● **DATASET RECORDS**
-- -- --

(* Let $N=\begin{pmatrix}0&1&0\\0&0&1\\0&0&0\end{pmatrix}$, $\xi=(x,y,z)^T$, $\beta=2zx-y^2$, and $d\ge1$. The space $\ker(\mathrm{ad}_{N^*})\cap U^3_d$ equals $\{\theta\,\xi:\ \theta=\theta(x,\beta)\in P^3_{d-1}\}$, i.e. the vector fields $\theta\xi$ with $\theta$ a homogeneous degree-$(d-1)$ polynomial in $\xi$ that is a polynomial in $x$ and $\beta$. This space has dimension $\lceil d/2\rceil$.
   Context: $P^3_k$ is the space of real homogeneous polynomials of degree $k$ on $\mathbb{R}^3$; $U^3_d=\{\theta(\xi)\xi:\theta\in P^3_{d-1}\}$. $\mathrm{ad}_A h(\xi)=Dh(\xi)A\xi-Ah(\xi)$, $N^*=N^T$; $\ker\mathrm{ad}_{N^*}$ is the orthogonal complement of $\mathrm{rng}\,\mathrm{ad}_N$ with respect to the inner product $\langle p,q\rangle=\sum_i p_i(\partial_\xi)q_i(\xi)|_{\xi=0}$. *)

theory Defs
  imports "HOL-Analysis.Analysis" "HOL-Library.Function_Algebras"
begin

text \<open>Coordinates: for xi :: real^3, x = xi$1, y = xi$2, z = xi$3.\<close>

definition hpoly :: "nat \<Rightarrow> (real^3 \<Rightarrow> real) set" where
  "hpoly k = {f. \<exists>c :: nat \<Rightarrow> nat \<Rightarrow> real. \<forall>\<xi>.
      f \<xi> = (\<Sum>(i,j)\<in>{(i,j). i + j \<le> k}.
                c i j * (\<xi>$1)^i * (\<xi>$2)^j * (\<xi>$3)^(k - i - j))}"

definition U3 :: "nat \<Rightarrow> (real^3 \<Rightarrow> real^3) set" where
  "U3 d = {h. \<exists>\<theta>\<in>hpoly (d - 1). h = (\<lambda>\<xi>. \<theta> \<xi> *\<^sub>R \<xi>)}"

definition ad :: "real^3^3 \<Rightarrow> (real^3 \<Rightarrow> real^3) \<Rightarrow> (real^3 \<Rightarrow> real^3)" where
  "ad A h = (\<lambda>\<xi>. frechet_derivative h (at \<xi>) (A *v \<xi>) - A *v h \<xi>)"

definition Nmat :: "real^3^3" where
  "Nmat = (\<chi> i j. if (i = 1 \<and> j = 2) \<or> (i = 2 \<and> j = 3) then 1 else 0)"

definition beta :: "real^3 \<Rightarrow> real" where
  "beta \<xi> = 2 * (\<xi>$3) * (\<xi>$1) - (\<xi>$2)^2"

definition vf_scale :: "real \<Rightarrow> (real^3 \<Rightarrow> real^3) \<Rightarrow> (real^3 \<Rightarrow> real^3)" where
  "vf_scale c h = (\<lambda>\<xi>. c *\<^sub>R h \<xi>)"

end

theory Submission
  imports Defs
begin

-- -- --

Total lines with "degree" in the records above: report that figure alone.

● **WRITTEN RESPONSE**
2